Театр – это не школа, где переходят из класса в класс
– Плохо. Театр кукол – это искусство, и роль художника (в общем смысле) в нем велика. Но к тебе приходят и говорят: "Твое дело – подготовить детей к другому театру". Что это за задача? Театр – это не школа, где переходят из класса в класс, потому что так устроена система. И в театре кукол есть утренний репертуар и есть вечерний репертуар. Театр не выполняет заранее предначертанной ему роли. Если художник знает, как сделать, чтобы ребенку было интересно в театре и в четыре, и в десять, и в шестнадцать лет, чтобы он пришел в театр и больше оттуда не уходил, то зачем мы будем ему руки связывать? Поэтому ответ на социальный заказ – это дело десятое. Если театр кукол способен подготовить ребенка для восприятия другого театра – замечательно, если у него хорошо получается работать с детьми постарше – тоже прекрасно. Драматический театр тоже работает с детьми, но тут проблема пространства: что делать в наших 700-местных залах?

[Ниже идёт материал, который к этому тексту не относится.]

lemma stays_in_append:
  "stays_in Q f s (u @ v) \<longleftrightarrow> stays_in Q f s u \<and> stays_in Q f (foldl f s u) v"
proof
  assume H: "stays_in Q f s (u @ v)"
  have "foldl f s (take j u) \<in> Q" for j
    using H[unfolded stays_in_def, rule_format, of "min j (length u)"]
    by (cases "j \<le> length u") simp_all
  moreover have "foldl f (foldl f s u) (take j v) \<in> Q" for j
    using H[unfolded stays_in_def, rule_format, of "length u + j"] by simp
  ultimately show "stays_in Q f s u \<and> stays_in Q f (foldl f s u) v"
    by (simp add: stays_in_def)
next
  assume H: "stays_in Q f s u \<and> stays_in Q f (foldl f s u) v"
  show "stays_in Q f s (u @ v)"
    unfolding stays_in_def
  proof
    fix j show "foldl f s (take j (u @ v)) \<in> Q"
      using H by (cases "j \<le> length u") (simp_all add: stays_in_def)
  qed
qed

lemma stays_in_endpoints: "stays_in Q f s w \<Longrightarrow> s \<in> Q \<and> foldl f s w \<in> Q"
  unfolding stays_in_def by (metis take_0 take_all order_refl foldl_Nil)

text \<open>After reading \<open>u\<close>, all that matters about a returning run is its start state and
  its current state, a pair in the finite set \<open>Q \<times> Q\<close>.\<close>

lemma regular_returning_runs:
  assumes "finite Q"
  shows "regular \<Sigma> {w \<in> lists \<Sigma>. \<exists>s. foldl f s w = s \<and> stays_in Q f s w}"
proof -
  define L where "L = {w \<in> lists \<Sigma>. \<exists>s. foldl f s w = s \<and> stays_in Q f s w}"
  define runs where "runs u = {(s, foldl f s u) | s. stays_in Q f s u}" for u
  define continuations where
    "continuations P = {v \<in> lists \<Sigma>. \<exists>(s, t) \<in> P. foldl f t v = s \<and> stays_in Q f t v}" for P
  have "left_quotient u L = continuations (runs u)" if "u \<in> lists \<Sigma>" for u
    using that by (auto simp: L_def runs_def continuations_def left_quotient_def stays_in_append)
  moreover have "runs u \<subseteq> Q \<times> Q" for u
    using stays_in_endpoints by (fastforce simp: runs_def)
  ultimately have "left_quotients \<Sigma> L \<subseteq> continuations ` Pow (Q \<times> Q)"
    by (fastforce simp: left_quotients_def)
  then have "finite (left_quotients \<Sigma> L)"
    using assms by (meson finite_Pow_iff finite_SigmaI finite_imageI finite_subset)
  then show ?thesis
    unfolding regular_iff_finite_left_quotients L_def by blast
qed

lemma mem_image_map_fst_iff:
  "w \<in> map fst ` {t \<in> lists (\<Sigma> \<times> \<Gamma>). R (map fst t) (map snd t)}
    \<longleftrightarrow> w \<in> lists \<Sigma> \<and> (\<exists>V \<in> lists \<Gamma>. length V = length w \<and> R w V)"
proof
  assume "w \<in> map fst ` {t \<in> lists (\<Sigma> \<times> \<Gamma>). R (map fst t) (map snd t)}"
  then obtain t where "t \<in> lists (\<Sigma> \<times> \<Gamma>)" "R (map fst t) (map snd t)" "w = map fst t"
    by blast
  then show "w \<in> lists \<Sigma> \<and> (\<exists>V \<in> lists \<Gamma>. length V = length w \<and> R w V)"
    by (intro conjI bexI[of _ "map snd t"]) force+
next
  assume "w \<in> lists \<Sigma> \<and> (\<exists>V \<in> lists \<Gamma>. length V = length w \<and> R w V)"
  then obtain V where "w \<in> lists \<Sigma>" "V \<in> lists \<Gamma>" "length V = length w" "R w V"
    by blast
  then show "w \<in> map fst ` {t \<in> lists (\<Sigma> \<times> \<Gamma>). R (map fst t) (map snd t)}"
    by (intro image_eqI[of _ _ "zip w V"]) (auto dest: set_zip_leftD set_zip_rightD)
qed

text \<open>Triples \<open>(U, V, V')\<close> of equal-length words are encoded as words over \<open>(A \<times> B) \<times> B\<close>.\<close>

lemma regular_minimal_witness:
  assumes S: "regular B S"
    and P: "regular (A \<times> B) {w \<in> lists (A \<times> B). P (map fst w) (map snd w)}"
    and Le: "regular (B \<times> B) {w \<in> lists (B \<times> B). Le (map fst w) (map snd w)}"
    and P_length: "\<And>U V. P U V \<Longrightarrow> length U = length V"
  shows "regular (A \<times> B) {w \<in> lists (A \<times> B). map snd w \<in> S \<and> P (map fst w) (map snd w) \<and>
    (\<forall>V \<in> S. P (map fst w) V \<longrightarrow> Le (map snd w) V)}"
proof -
  have S_lists: "S \<subseteq> lists B"
    using S by (simp add: regular_iff_finite_left_quotients)
  define better where "better w V \<longleftrightarrow> V \<in> S \<and> P (map fst w) V \<and> \<not> Le (map snd w) V" for w V
  define T where "T = {t \<in> lists ((A \<times> B) \<times> B). better (map fst t) (map snd t)}"
  have S3: "regular ((A \<times> B) \<times> B) {t \<in> lists ((A \<times> B) \<times> B). map snd t \<in> S}"
    by (rule regular_preimage_map[OF _ S]) auto
  have P3: "regular ((A \<times> B) \<times> B) {t \<in> lists ((A \<times> B) \<times> B).
      map (\<lambda>t. (fst (fst t), snd t)) t \<in> {w \<in> lists (A \<times> B). P (map fst w) (map snd w)}}"
    by (rule regular_preimage_map[OF _ P]) auto
  have Le3: "regular ((A \<times> B) \<times> B) {t \<in> lists ((A \<times> B) \<times> B).
      map (\<lambda>t. (snd (fst t), snd t)) t \<in> {w \<in> lists (B \<times> B). Le (map fst w) (map snd w)}}"
    by (rule regular_preimage_map[OF _ Le]) auto
  have T_eq: "T = {t \<in> lists ((A \<times> B) \<times> B). map snd t \<in> S}
      \<inter> {t \<in> lists ((A \<times> B) \<times> B). map (\<lambda>t. (fst (fst t), snd t)) t
          \<in> {w \<in> lists (A \<times> B). P (map fst w) (map snd w)}}
      - {t \<in> lists ((A \<times> B) \<times> B). map (\<lambda>t. (snd (fst t), snd t)) t
          \<in> {w \<in> lists (B \<times> B). Le (map fst w) (map snd w)}}"
    by (auto simp: T_def better_def comp_def; force)
  have "regular ((A \<times> B) \<times> B) T"
    unfolding T_eq by (intro regular_Diff regular_Int S3 P3 Le3)
  then have D: "regular (A \<times> B) (map fst ` T)"
    by (rule regular_image_map[rotated]) auto
  have S2: "regular (A \<times> B) {w \<in> lists (A \<times> B). map snd w \<in> S}"
    by (rule regular_preimage_map[OF _ S]) auto
  have D_eq: "map fst ` T = {w \<in> lists (A \<times> B). \<exists>V \<in> S. better w V}"
  proof (rule set_eqI)
    fix w
    show "w \<in> map fst ` T \<longleftrightarrow> w \<in> {w \<in> lists (A \<times> B). \<exists>V \<in> S. better w V}"
      unfolding T_def mem_image_map_fst_iff using S_lists P_length
      by (force simp: better_def)
  qed
  have "{w \<in> lists (A \<times> B). map snd w \<in> S \<and> P (map fst w) (map snd w) \<and>
      (\<forall>V \<in> S. P (map fst w) V \<longrightarrow> Le (map snd w) V)}
    = {w \<in> lists (A \<times> B). map snd w \<in> S} \<inter> {w \<in> lists (A \<times> B). P (map fst w) (map snd w)}
      - map fst ` T"
    unfolding D_eq by (auto simp: better_def)
  then show ?thesis
    using regular_Diff[OF regular_Int[OF S2 P] D] by simp
qed

definition bcd_step :: "('x \<Rightarrow> 'g::group_add) \<Rightarrow> ('y \<Rightarrow> 'g) \<Rightarrow> 'g \<Rightarrow> 'x option \<times> 'y option \<Rightarrow> 'g" where
  "bcd_step \<iota>X \<iota>Y h xy = - eval_word \<iota>Y [snd xy] + h + eval_word \<iota>X [fst xy]"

Наверное, надо работать как-то по-другому, не "на потребу". Даже новогоднее представление – это особый жанр, к нему свои требования, это может быть сделано хорошо или плохо. Надо поощрять все талантливое, что есть. Если в городе есть театр кукол с хорошим художником, не надо требовать, чтобы он выполнял функцию в этой триаде.
– Если говорить о камерном пространстве для доверительного театрального разговора, стоит ли выделять ТЮЗ как специфический театр для такого разговора?
– Это было бы идеально. Но тут надо как-то по-иному подходить к планированию, к "госзаданию". У одного театра тысячный зал, у другого – на 100–150 человек. С детьми или даже с подростками лучше говорить в небольшом пространстве. Когда спектакль идет в большом зале, подростки на последних рядах сидят и занимаются своими делами, даже если спектакль хороший: актерская энергия до них не доходит, и они в этом не виноваты. Взрослый человек приходит в театр сознательно, он даже свою энергию посылает навстречу, а подростку быстро становится скучно, если чуть хуже видно или слышно. Поэтому для детей я бы выделял малые пространства. Понятно, что это проблема экономическая, и я не знаю, как ее решить. Конечно, если одновременно идет три маленьких спектакля, это дороже, чем один большой, выгоднее тысячу детей загнать в один зал, чем десять раз по сто. Но если исходить только от экономической выгоды, то так оно и получается.
– Нужно ли нам принципиальное разделение на взрослый и детский театр? Когда актер утром играет в детской сказке, а вечером в пьесе Шекспира – это же нормально?
Хочется, чтобы были какие-то спорные, наглые, взрывные вещи, только так можно сделать что-то новое
– Так ведь так оно и есть. Во всех институционально детских театрах и сегодня играют вечером Шекспира. Или Сигарева. В этом нет противоречия. И в театре драмы утром играют детские спектакли. Надо ли вообще убирать это разделение? Если говорить о детском и юношеском театре, я бы из ТЮЗа сделал городской молодежный центр: придумать способы, чтобы тут молодежь тусовалась с утра до ночи, чтобы он был центром притяжения. Чтобы было кафе и вайфай, чтобы приглашать каких-то спорных людей, устраивать диспуты и дуэли, как между Есениным и Маяковским. Чтобы была мощная культурная жизнь, которая не замыкается исключительно на театре. Устраивать публичные читки пьес, пусть даже скандальных. Я понимаю, что с каждым днем это будет все труднее, потому что за слово "жопа", сказанное в стенах храма искусства, будут срок давать. Но хочется, чтобы были какие-то спорные, наглые, взрывные вещи, только так можно сделать что-то новое. Авангард входил в жизнь, ломая все на пути, в том числе и хорошее, но в конце концов хорошее выжило. Классика, "сброшенная с корабля современности", выплыла и сохранилась. Но, когда иностранцы приезжают в Москву, они первым делом бегут смотреть конструктивистскую архитектуру, а вовсе не дома с колоннами и даже не XVIII век. Значит, именно русский конструктивизм всерьез вошел в мировую культуру. Поэтому такой вот живой провокативный центр в театре будет не в ущерб самому театру. Эти споры и словесные битвы потом привлекут внимание к вашему же театру.
– Как получилось, что, став архитектором, причем успешным, вы ушли в детскую литературу, в частности, в детскую драматургию?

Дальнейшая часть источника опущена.